1. If the dataloader isn't the sole service with database connections, the cache will be invalid when other services interact with the database.

2. Even if the dataloader is the sole mechanism for accessing the database, you have to figure out how to scale that to multiple nodes and maintain cache coherency on each.

3. Even if you run just a single dataloader instance or figure out how to ensure cache coherency, that layer is still oblivious to triggers on the database and so you had better not use any advanced functionality there.

4. Even if you strip away all of the low level SQL features and treat the database as a dumb searchable KVS with a single dataloader instance (or cache coherent layer in front of it), then you are still performing two queries and mutations which occur in parallel with queries can result in non-repeatable reads or phantom reads because the default in many GraphQL packages is that each query processed with sub-queries runs with no transaction wrapped around it.

5. Even if you ensure that every GraphQL gets a unique transaction, that doesn't mean the DataLoader cache is _coherent_ with the database transactions, and I haven't seen any papers or effort to verify that, so there's no guarantee parallelization can't result in dirty reads.

6. Okay, so you have a single threaded, single instance dataloader instance with a mutex around a database connection that runs every GraphQL query's subqueries in a transaction...

This is all fine if you're dealing with, well, comments and posts or other trivium in which consistency isn't an issue. Which actually happens to be the type of problems many large successful companies have to deal with.

But if you are dealing with financial data, medical data, scheduling of resources, anything where the equivalent paradigm of "my friend posted but I don't see it yet, therefore I can't comment on her post" or "my post loaded but I don't see my friend's comment on it yet" is an issue makes it a minefield for consistency.

I still don't understand what you expect DataLoader or GraphQL to solve for you.

The list of problems you mentioned are not what DataLoader/GraphQL are trying to solve. I am even not sure if there is an individual library that can solve these problems. The solution to them are at architectural level and requires more discussions than the decision to use GraphQL/DataLoader or not.

If you look at the graphql doc from the official website, this is what you get:

"GraphQL is a query language for your API, and a server-side runtime for executing queries by using a type system you define for your data.

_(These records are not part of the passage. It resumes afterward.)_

(* Let $s\ge0$. Then for every $t\in\mathbb{R}$ the trilinear operator $B_3$ defined in the context maps $(\dot H^s)^3$ into $\dot H^{s+2}$ and satisfies $$\|B_3(u,v,w)\|_{\dot H^{s+2}}\le c_3(s)\|u\|_{\dot H^s}\|v\|_{\dot H^s}\|w\|_{\dot H^s},$$ with a constant $c_3(s)$ depending only on $s$.
   Context: Write $\mathbb{Z}_0=\mathbb{Z}\setminus\{0\}$. For $s\in\mathbb{R}$, $\dot H^s$ denotes the Hilbert space of complex sequences $v=(v_k)_{k\in\mathbb{Z}_0}$ with $\|v\|_{\dot H^s}^2=\sum_{k\in\mathbb{Z}_0}|k|^{2s}|v_k|^2<\infty$. For $t\in\mathbb{R}$, $$B_3(u,v,w)_k=\sum^{\mathrm{nonres}}_{k_1+k_2+k_3=k}\frac{e^{3i(k_1+k_2)(k_2+k_3)(k_3+k_1)t}}{k_1(k_1+k_2)(k_2+k_3)(k_3+k_1)}u_{k_1}v_{k_2}w_{k_3},\qquad k\in\mathbb{Z}_0,$$ where the sum runs over $k_1,k_2,k_3\in\mathbb{Z}_0$ with $k_1+k_2+k_3=k$ and $(k_1+k_2)(k_2+k_3)(k_3+k_1)\ne0$. *)

theory Defs
  imports "HOL-Analysis.Analysis"
begin

text \<open>Sequences indexed by the nonzero integers are modelled as functions
  int \<Rightarrow> complex; the value at index 0 is irrelevant (never used).\<close>

definition Z0 :: "int set" where
  "Z0 = {k. k \<noteq> 0}"

definition in_Hdot :: "real \<Rightarrow> (int \<Rightarrow> complex) \<Rightarrow> bool" where
  "in_Hdot s v \<longleftrightarrow> ((\<lambda>k. abs (real_of_int k) powr (2 * s) * (cmod (v k))^2) summable_on Z0)"

definition Hdot_norm :: "real \<Rightarrow> (int \<Rightarrow> complex) \<Rightarrow> real" where
  "Hdot_norm s v = sqrt (\<Sum>\<^sub>\<infinity>k\<in>Z0. abs (real_of_int k) powr (2 * s) * (cmod (v k))^2)"

definition NR :: "int \<Rightarrow> (int \<times> int \<times> int) set" where
  "NR k = {(k1,k2,k3). k1 \<noteq> 0 \<and> k2 \<noteq> 0 \<and> k3 \<noteq> 0 \<and> k1 + k2 + k3 = k \<and>
                      (k1+k2)*(k2+k3)*(k3+k1) \<noteq> 0}"

definition B3_term :: "real \<Rightarrow> (int \<Rightarrow> complex) \<Rightarrow> (int \<Rightarrow> complex) \<Rightarrow> (int \<Rightarrow> complex)
    \<Rightarrow> int \<times> int \<times> int \<Rightarrow> complex" where
  "B3_term t u v w = (\<lambda>(k1,k2,k3).
     cis (3 * real_of_int ((k1+k2)*(k2+k3)*(k3+k1)) * t)
     / of_int (k1*(k1+k2)*(k2+k3)*(k3+k1)) * u k1 * v k2 * w k3)"

definition B3 :: "real \<Rightarrow> (int \<Rightarrow> complex) \<Rightarrow> (int \<Rightarrow> complex) \<Rightarrow> (int \<Rightarrow> complex)
    \<Rightarrow> int \<Rightarrow> complex" where
  "B3 t u v w k = (\<Sum>\<^sub>\<infinity>x\<in>NR k. B3_term t u v w x)"

end

theory Submission
  imports Defs
begin

text \<open>On the output frequency \<open>k = k\<^sub>1 + k\<^sub>2 + k\<^sub>3\<close> the derivative gain is carried by the multiplier
  \<open>m = k\<^sup>2 / \<bar>k\<^sub>1 (k\<^sub>1+k\<^sub>2)(k\<^sub>2+k\<^sub>3)(k\<^sub>3+k\<^sub>1)\<bar>\<close>, while \<open>\<bar>k\<bar>\<^sup>s \<le> 3\<^sup>s \<bar>k\<^sub>1\<bar>\<^sup>s \<bar>k\<^sub>2\<bar>\<^sup>s \<bar>k\<^sub>3\<bar>\<^sup>s\<close> distributes the
  remaining weight onto the three inputs. The numerator \<open>k\<^sup>2\<close> is bounded by a sum of products of two
  of the four denominator factors, so \<open>m\<close> is dominated by five terms of the form
  \<open>1/\<bar>\<ell> \<ell>'\<bar>\<close>, where \<open>\<ell>, \<ell>'\<close> are two of the linear forms \<open>k\<^sub>1, k\<^sub>1+k\<^sub>2, k\<^sub>2+k\<^sub>3, k\<^sub>3+k\<^sub>1\<close>.
  For fixed \<open>k\<close> each such pair determines the triple, hence \<open>\<Sum> m\<^sup>2\<close> over the resonance-free
  triples with sum \<open>k\<close> is bounded by a multiple of \<open>(\<Sum>\<^sub>n 1/n\<^sup>2)\<^sup>2\<close>, uniformly in \<open>k\<close>.
  Cauchy-Schwarz in the sum over triples, followed by summation over \<open>k\<close>, gives the estimate.\<close>

lemma nonneg_summable_on_infsum_le:
  fixes f :: "'a \<Rightarrow> real"
  assumes "\<And>x. x \<in> A \<Longrightarrow> 0 \<le> f x" "\<And>F. finite F \<Longrightarrow> F \<subseteq> A \<Longrightarrow> sum f F \<le> B"
  shows "f summable_on A" "infsum f A \<le> B"
proof -
  show f: "f summable_on A"
    by (rule nonneg_bdd_above_summable_on) (use assms in \<open>auto intro!: bdd_aboveI2\<close>)
  show "infsum f A \<le> B"
    by (rule infsum_le_finite_sums[OF f]) (use assms in auto)
qed

lemma summable_on_mult_infsum_le_sqrt:
  fixes f g :: "'a \<Rightarrow> real"
  assumes f: "\<And>x. x \<in> A \<Longrightarrow> 0 \<le> f x" "\<And>H. finite H \<Longrightarrow> H \<subseteq> A \<Longrightarrow> (\<Sum>x\<in>H. (f x)\<^sup>2) \<le> M"
    and g: "\<And>x. x \<in> A \<Longrightarrow> 0 \<le> g x" "(\<lambda>x. (g x)\<^sup>2) summable_on A"
  shows "(\<lambda>x. f x * g x) summable_on A"
    "infsum (\<lambda>x. f x * g x) A \<le> sqrt M * sqrt (infsum (\<lambda>x. (g x)\<^sup>2) A)"
proof -
  have "sum (\<lambda>x. f x * g x) H \<le> sqrt M * sqrt (infsum (\<lambda>x. (g x)\<^sup>2) A)"
    if H: "finite H" "H \<subseteq> A" for H
  proof -
    have "0 \<le> M" using f(2)[of "{}"] by simp
    have "(sum (\<lambda>x. f x * g x) H)\<^sup>2 \<le> (\<Sum>x\<in>H. (f x)\<^sup>2) * (\<Sum>x\<in>H. (g x)\<^sup>2)"
      by (rule Cauchy_Schwarz_ineq_sum)
    also have "\<dots> \<le> M * infsum (\<lambda>x. (g x)\<^sup>2) A"
      by (intro mult_mono f(2) finite_sum_le_infsum g(2) H) (use \<open>0 \<le> M\<close> in \<open>auto intro: sum_nonneg\<close>)
    finally show ?thesis
      by (metis real_le_rsqrt real_sqrt_mult)
  qed
  then show "(\<lambda>x. f x * g x) summable_on A"
    "infsum (\<lambda>x. f x * g x) A \<le> sqrt M * sqrt (infsum (\<lambda>x. (g x)\<^sup>2) A)"
    using nonneg_summable_on_infsum_le[of A "\<lambda>x. f x * g x"] f(1) g(1) by auto
qed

GraphQL isn't tied to any specific database or storage engine and is instead backed by your existing code and data."

And as far as I'm concerned, this is exactly what I think graphql is and should be. It doesn't say anything about caching or solving the N+1 problem or ACID/consistency.

You say "GraphQL does this, yes, but it's not particularly _smart_ about how caching works or how to avoid the Select N+1 problem.". But the whole point of graphql is to just be a typed query layer and use whatever strategy makes the most sense for your application. I feel like it's like saying "I'm surprised that JSON took off even if it's not smart enough to do X"... where actually JSON took off _because_ it doesn't try to do all of those features.

Hasura GraphQL engine also is a Haskell based engine that solves the N+1 query problem by compiling the incoming request into a single SQL query: https://github.com/hasura/graphql-engine/tree/master/server

EDIT: /s/package/engine

Are you affiliated with Hasura? I'd love to chat. mayreply@[my username] dot com.
> This is hand-waved away because, I guess, consistency is boring and user expectations are low or irrelevant.

It's probably handwaved away because Facebook finds eventual consistency plus pubsub for updates to be good enough most of the time, and wants to shift the memory and CPU costs of calculating JOINs into the easily scalable GraphQL layer instead of the data store.